Michael Eichenhorn, M.D.
Dr. Eichenhorn completed his post-graduate studies in Internal Medicine and Pulmonary Medicine at Henry Ford Hospital in the late 1970s and subsequently joined the Division. He served as Division Head for more than a decade. He led the expansion of the Medical Intensive Care Unit at Henry Ford Hospital to become the largest in Michigan in 2009 and implemented electronic technologies to develop a fully functioning e-ICU environment. Dr. Eichenhorn has received numerous grants including from the Department of Health and Human Services and the National Institutes of Health as the principal investigator in trials regarding pulmonary disease.
Paul Kvale, M.D.
Dr. Kvale completed his post-graduate training at Henry Ford Hospital and at Brompton Hospital in London, England.
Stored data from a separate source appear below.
(* Let $V$ be a vector space over a field $\mathbb F$, and let $\mathcal S=\{\tau^1,\tau^2,\tau^3,\dots\}\subset\mathcal T(V^* )$ contain exactly one symmetric tensor $\tau^n\in\odot^nV^*$ for each $n\in\mathbb N$. Then the permutation invariant subalgebra generated by $\mathcal S$ equals $$\mathcal A_{\mathrm{perm}}(\mathcal S)=\mathbb F\oplus\bigoplus_{n=1}^\infty\operatorname{span}\{\tau^{\mathbf P}:\mathbf P\in\mathbf{Part}(n)\}.$$
   Context: $\mathcal T(V^* )=\bigoplus_{n\ge0}\otimes^nV^*$, where $\otimes^nV^*$ is the space of $n$-multilinear forms $V^n\to\mathbb F$ ($\otimes^0V^*=\mathbb F$), with product $(\tau\otimes\tau')(v_1,\dots,v_{n+m})=\tau(v_1,\dots,v_n)\tau'(v_{n+1},\dots,v_{n+m})$ (scalars act by scalar multiplication). $S_n$ acts on $\otimes^nV^*$ by $(P_\sigma\tau)(v_1,\dots,v_n)=\tau(v_{\sigma^{-1}(1)},\dots,v_{\sigma^{-1}(n)})$; $\odot^nV^*$ is the subspace of tensors fixed by all $P_\sigma$. A unital subalgebra is a linear subspace containing $\mathbb F$ and closed under $\otimes$; it is graded if it is the direct sum of its intersections $\mathcal A_n$ with the $\otimes^nV^*$, and permutation invariant if it is graded and each $\mathcal A_n$ is preserved by $S_n$. $\mathcal A_{\mathrm{perm}}(\mathcal S)$ is the intersection of all permutation invariant unital subalgebras containing $\mathcal S$. $\mathbf{Part}(n)$ is the set of partitions $\mathbf P=\{P_1,\dots,P_r\}$ of $\{1,\dots,n\}$; for such $\mathbf P$ with $n_i=|P_i|$, $\tau^{\mathbf P}(v_1,\dots,v_n)=\prod_{i=1}^r\tau^{n_i}\big((v_j)_{j\in P_i}\big)$ (independent of the order within $P_i$ by symmetry). *)

theory Defs
  imports Complex_Main "HOL-Combinatorics.Permutations" "HOL-Library.Disjoint_Sets" "HOL-Library.Function_Algebras"
begin

text \<open>An element of the tensor algebra T(V*) is represented by its graded components:
  component n is a function on lists of vectors, an n-multilinear form on lists of
  length n and zero on lists of any other length.\<close>

type_synonym ('v, 'a) tensor = "nat \<Rightarrow> 'v list \<Rightarrow> 'a"

definition multilin :: "('a::field \<Rightarrow> 'v::ab_group_add \<Rightarrow> 'v) \<Rightarrow> nat \<Rightarrow> ('v list \<Rightarrow> 'a) \<Rightarrow> bool" where
  "multilin scale n f \<longleftrightarrow>
     (\<forall>vs. length vs \<noteq> n \<longrightarrow> f vs = 0) \<and>
     (\<forall>vs i c x y. length vs = n \<longrightarrow> i < n \<longrightarrow>
        f (vs[i := scale c x + y]) = c * f (vs[i := x]) + f (vs[i := y]))"

definition tensor_alg :: "('a::field \<Rightarrow> 'v::ab_group_add \<Rightarrow> 'v) \<Rightarrow> ('v, 'a) tensor set" where
  "tensor_alg scale = {t. finite {n. t n \<noteq> 0} \<and> (\<forall>n. multilin scale n (t n))}"

definition hom_part :: "nat \<Rightarrow> ('v list \<Rightarrow> 'a::zero) \<Rightarrow> ('v, 'a) tensor" where
  "hom_part n f = (\<lambda>k. if k = n then f else 0)"

definition scalar_tensor :: "'a::zero \<Rightarrow> ('v, 'a) tensor" where
  "scalar_tensor c = hom_part 0 (\<lambda>vs. if vs = [] then c else 0)"

definition tprod :: "('v, 'a::comm_ring_1) tensor \<Rightarrow> ('v, 'a) tensor \<Rightarrow> ('v, 'a) tensor" where
  "tprod t u = (\<lambda>k vs. if length vs = k
      then (\<Sum>i\<le>k. t i (take i vs) * u (k - i) (drop i vs)) else 0)"

definition perm_tensor :: "nat \<Rightarrow> (nat \<Rightarrow> nat) \<Rightarrow> ('v list \<Rightarrow> 'a::zero) \<Rightarrow> ('v list \<Rightarrow> 'a)" where
  "perm_tensor n \<sigma> f = (\<lambda>vs. if length vs = n
      then f (map (\<lambda>i. vs ! (inv \<sigma> i)) [0..<n]) else 0)"

definition symmetric_tensor :: "('a::field \<Rightarrow> 'v::ab_group_add \<Rightarrow> 'v) \<Rightarrow> nat \<Rightarrow> ('v list \<Rightarrow> 'a) \<Rightarrow> bool" where
  "symmetric_tensor scale n f \<longleftrightarrow> multilin scale n f \<and>
     (\<forall>\<sigma>. \<sigma> permutes {..<n} \<longrightarrow> perm_tensor n \<sigma> f = f)"

definition unital_subalg :: "('a::field \<Rightarrow> 'v::ab_group_add \<Rightarrow> 'v) \<Rightarrow> ('v, 'a) tensor set \<Rightarrow> bool" where
  "unital_subalg scale A \<longleftrightarrow> A \<subseteq> tensor_alg scale \<and>
     (\<forall>c. scalar_tensor c \<in> A) \<and>
     (\<forall>t\<in>A. \<forall>u\<in>A. t + u \<in> A) \<and>
     (\<forall>c. \<forall>t\<in>A. (\<lambda>k vs. c * t k vs) \<in> A) \<and>
     (\<forall>t\<in>A. \<forall>u\<in>A. tprod t u \<in> A)"

text \<open>Graded: A is the direct sum of the A_n = A \<inter> (components of degree n), i.e. every
  homogeneous component of an element of A lies in A.\<close>
definition graded_subalg :: "('a::field \<Rightarrow> 'v::ab_group_add \<Rightarrow> 'v) \<Rightarrow> ('v, 'a) tensor set \<Rightarrow> bool" where
  "graded_subalg scale A \<longleftrightarrow> unital_subalg scale A \<and>
     (\<forall>t\<in>A. \<forall>n. hom_part n (t n) \<in> A)"

definition perm_inv_subalg :: "('a::field \<Rightarrow> 'v::ab_group_add \<Rightarrow> 'v) \<Rightarrow> ('v, 'a) tensor set \<Rightarrow> bool" where
  "perm_inv_subalg scale A \<longleftrightarrow> graded_subalg scale A \<and>
     (\<forall>n f \<sigma>. hom_part n f \<in> A \<longrightarrow> \<sigma> permutes {..<n} \<longrightarrow> hom_part n (perm_tensor n \<sigma> f) \<in> A)"

definition A_perm :: "('a::field \<Rightarrow> 'v::ab_group_add \<Rightarrow> 'v) \<Rightarrow> ('v, 'a) tensor set \<Rightarrow> ('v, 'a) tensor set" where
  "A_perm scale S = \<Inter>{A. perm_inv_subalg scale A \<and> S \<subseteq> A}"

definition part_tensor :: "('v, 'a::comm_ring_1) tensor \<Rightarrow> nat \<Rightarrow> nat set set \<Rightarrow> ('v list \<Rightarrow> 'a)" where
  "part_tensor \<tau> n P = (\<lambda>vs. if length vs = n
      then (\<Prod>B\<in>P. \<tau> (card B) (map (\<lambda>j. vs ! j) (sorted_list_of_set B))) else 0)"

definition fun_span :: "('v list \<Rightarrow> 'a::field) set \<Rightarrow> ('v list \<Rightarrow> 'a) set" where
  "fun_span X = module.span (\<lambda>c f. (\<lambda>x. c * f x)) X"

end

theory Submission
  imports Defs
begin

text \<open>
  Let \<open>R\<close> be the right-hand side. The tensor product of \<open>\<tau>^P\<close> and \<open>\<tau>^Q\<close> is
  \<open>\<tau>^(P \<union> Q')\<close>, where \<open>Q'\<close> is \<open>Q\<close> shifted past the points of \<open>P\<close>, and since every
  \<open>\<tau>\<^sup>n\<close> is symmetric a permutation \<open>\<sigma>\<close> maps \<open>\<tau>^P\<close> to \<open>\<tau>^(\<sigma> P)\<close>. Hence \<open>R\<close> is a
  permutation invariant subalgebra containing the generators. Conversely, a permutation
  moving one block of \<open>P\<close>, of size \<open>m\<close>, to the end writes \<open>\<tau>^P\<close> as a permuted tensor
  product \<open>\<tau>^Q \<otimes> \<tau>\<^sup>m\<close> with \<open>Q\<close> a partition of fewer points, so by induction every \<open>\<tau>^P\<close>,
  and hence all of \<open>R\<close>, lies in every permutation invariant subalgebra containing the
  generators.
\<close>

lemma module_fun_scale: "module (\<lambda>c (f::'v list \<Rightarrow> 'a::field) x. c * f x)"
  by unfold_locales (auto simp: fun_eq_iff algebra_simps)

lemma fun_span_zero: "0 \<in> fun_span X"
  unfolding fun_span_def by (rule module.span_zero[OF module_fun_scale])

lemma fun_span_base: "f \<in> X \<Longrightarrow> f \<in> fun_span X"
  unfolding fun_span_def by (rule module.span_base[OF module_fun_scale])

lemma fun_span_add: "f \<in> fun_span X \<Longrightarrow> g \<in> fun_span X \<Longrightarrow> f + g \<in> fun_span X"
  unfolding fun_span_def by (rule module.span_add[OF module_fun_scale])

lemma fun_span_scale: "f \<in> fun_span X \<Longrightarrow> (\<lambda>x. c * f x) \<in> fun_span X"
  unfolding fun_span_def by (rule module.span_scale[OF module_fun_scale])

lemma fun_span_sum: "(\<And>i. i \<in> I \<Longrightarrow> f i \<in> fun_span X) \<Longrightarrow> sum f I \<in> fun_span X"
  unfolding fun_span_def by (rule module.span_sum[OF module_fun_scale])

lemma fun_span_induct [consumes 1, case_names zero add scale base]:
  fixes f :: "'v list \<Rightarrow> 'a::field"
  assumes "f \<in> fun_span X" "P 0" "\<And>f g. P f \<Longrightarrow> P g \<Longrightarrow> P (f + g)"
    "\<And>c f. P f \<Longrightarrow> P (\<lambda>x. c * f x)" "\<And>f. f \<in> X \<Longrightarrow> P f"
  shows "P f"
proof -
  interpret m: module "\<lambda>c (f::'v list \<Rightarrow> 'a) x. c * f x" by (rule module_fun_scale)
  have "m.subspace (Collect P)" using assms(2-4) by (auto simp: m.subspace_def)
  then show ?thesis using m.span_induct[OF assms(1)[unfolded fun_span_def]] assms(5) by blast
qed

lemma fun_span_linear_image:
  fixes L :: "('v list \<Rightarrow> 'a::field) \<Rightarrow> 'w list \<Rightarrow> 'a"
  assumes "f \<in> fun_span X" and "L 0 = 0" and "\<And>f g. L (f + g) = L f + L g"
    and "\<And>c f. L (\<lambda>x. c * f x) = (\<lambda>x. c * L f x)" and "\<And>f. f \<in> X \<Longrightarrow> L f \<in> fun_span Y"
  shows "L f \<in> fun_span Y"
  using assms(1)
proof (induct rule: fun_span_induct)
  case zero
  show ?case unfolding assms(2) by (rule fun_span_zero)
next
  case (add f g)
  then show ?case unfolding assms(3) by (rule fun_span_add)
next
  case (scale c f)
  then show ?case unfolding assms(4) by (rule fun_span_scale)
qed (rule assms(5))

section \<open>Homogeneous components and the tensor product\<close>

lemma sum_fun_apply: "(\<Sum>i\<in>I. f i) x = (\<Sum>i\<in>I. f i x)"
  by (induct I rule: infinite_finite_induct) auto

lemma hom_part_apply: "hom_part n f k = (if k = n then f else 0)"
  by (simp add: hom_part_def)

lemma hom_part_zero: "hom_part k (0 :: 'v list \<Rightarrow> 'a::comm_ring_1) = 0"
  and hom_part_add: "hom_part k (f + g) = hom_part k f + hom_part k (g :: 'v list \<Rightarrow> 'a)"
  and hom_part_scale: "hom_part k (\<lambda>x. c * f x) = (\<lambda>k' vs. c * hom_part k f k' vs)"
  by (auto simp: hom_part_def fun_eq_iff)

lemma multilin_zero: "multilin s n 0"
  by (simp add: multilin_def)

lemma multilin_add: "multilin s n f \<Longrightarrow> multilin s n g \<Longrightarrow> multilin s n (f + g)"
  by (simp add: multilin_def algebra_simps)

lemma multilin_scale: "multilin s n f \<Longrightarrow> multilin s n (\<lambda>x. c * f x)"
  by (simp add: multilin_def algebra_simps)

lemma multilin_sum: "(\<And>i. i \<in> I \<Longrightarrow> multilin s n (f i)) \<Longrightarrow> multilin s n (\<Sum>i\<in>I. f i)"
  by (induct I rule: infinite_finite_induct) (auto intro: multilin_zero multilin_add)

lemma multilin_0_eq: "multilin s 0 f \<Longrightarrow> f = (\<lambda>vs. if vs = [] then f [] else 0)"
  by (auto simp: multilin_def fun_eq_iff)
He joined the Division of Pulmonary and Critical Care Medicine in the 1960s and served as Division Head from 1977-1989. Under his leadership the Division’s research activities expanded to include lung cancer, prostate-colon-lung and ovarian cancer screening trial, national lung screening trial, and emphysema. He is a founding member of the Association of Pulmonary Program Directors and the American Association for Bronchology, and former President of the American College of Chest Physicians.
John Popovich, Jr., M.D.
Dr. Popovich’s first encounter with Henry Ford Hospital was as a medical student at the University of Michigan. He completed his residency in Internal Medicine and fellowship in pulmonary and critical care at Henry Ford Hospital, joining the staff in the 1980. He served for 10 years as division head of Pulmonary and Critical Care Medicine, became Chair of the Department of Internal Medicine in 1999, Senior Vice President for Clinical Affairs at Henry Ford in 2008 in which he led the development of the Henry Ford Physician Network, and in 2010 became the first physician in more than 40 years to lead Henry Ford Hospital as its President and CEO. He also currently serves as Chief Medical Officer for Henry Ford Health System.